Looking at the log, one problem seems to be that there is a long delay (6 hours in the first case I saw) between when SpamSieve classified a spam message as good and when you corrected it. Due to the auto-training, for those 6 hours SpamSieve was working from incorrect information. This feeds back into more mistakes and more troublesome auto-training. If you cannot correct SpamSieve’s mistakes promptly, you should turn off auto-training.

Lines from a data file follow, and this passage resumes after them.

(* Assume the standing $J$-self-adjoint setting. Assume also that $A_0$ and $A_1$ are bounded, that $d=\mathrm{dist}(\mathrm{spec}(A_0),\mathrm{spec}(A_1))>0$, and that $\|V\|<d/2$. Then $\mathrm{spec}(L)\subset\mathbb R$.
   Context: Standing $J$-self-adjoint setting: - $A_0$ and $A_1$ are self-adjoint operators on Hilbert spaces $\mathfrak H_0$ and $\mathfrak H_1$. - $B\in\mathcal B(\mathfrak H_1,\mathfrak H_0)$. - $\mathfrak H=\mathfrak H_0\oplus\mathfrak H_1$, $A=\mathrm{diag}(A_0,A_1)$, and $V=\begin{pmatrix}0&B\\-B^*&0\end{pmatrix}$. - $L=A+V$, i.e. $L(x_0\oplus x_1)=(A_0x_0+Bx_1)\oplus(-B^*x_0+A_1x_1)$. *)

theory Defs
  imports "HOL-Analysis.Analysis"
begin

class complex_normed = real_normed_vector +
  fixes scaleC :: "complex \<Rightarrow> 'a \<Rightarrow> 'a"
  assumes scaleC_add_right: "scaleC a (x + y) = scaleC a x + scaleC a y"
    and scaleC_add_left: "scaleC (a + b) x = scaleC a x + scaleC b x"
    and scaleC_scaleC: "scaleC a (scaleC b x) = scaleC (a * b) x"
    and scaleC_one: "scaleC 1 x = x"
    and scaleR_scaleC: "scaleR r x = scaleC (complex_of_real r) x"
    and norm_scaleC: "norm (scaleC a x) = cmod a * norm x"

Another problem is that until a few days ago you were using a version of SpamSieve from last April. Because of this and because SpamSieve’s corpus is rather old and large, it would probably help to reset the corpus and re-train SpamSieve with a smaller number of recent messages.

awy · March 6, 2008, 3:10am

Thanks for the info.

Any tips for retraining?

It will take a lot of hard work to be extremely selective of my “good” messages I think. I’m assuming it won’t feed into great accuracy if I select only good messages from a specific group of colleagues or something (?).

PS - the time delay you speak of,
I’m not sure what would cause that. The only thing I can think of is sometimes mail is recieving things when I’m in a meeting or otherwise preoccupied. What’s the best approach, just closing my mail program when i’m not actively watching it? And if so, is that my only option?

Michael_Tsai · March 6, 2008, 6:13am

I would try to make a smart mailbox of messages that aren’t in the Spam mailbox, sort it by date, and choose messages from there. Try to get a good mix of different types of mail, but don’t spend too much time on it.

The other option is to turn off “Auto-train with incoming mail” in SpamSieve’s preferences.

awy · March 6, 2008, 6:33am

Thanks a bunch for the useful tips, once again.

Working these kinks out will be helpful, but all in all, without spamsieve, my livelihood would be in serious trouble!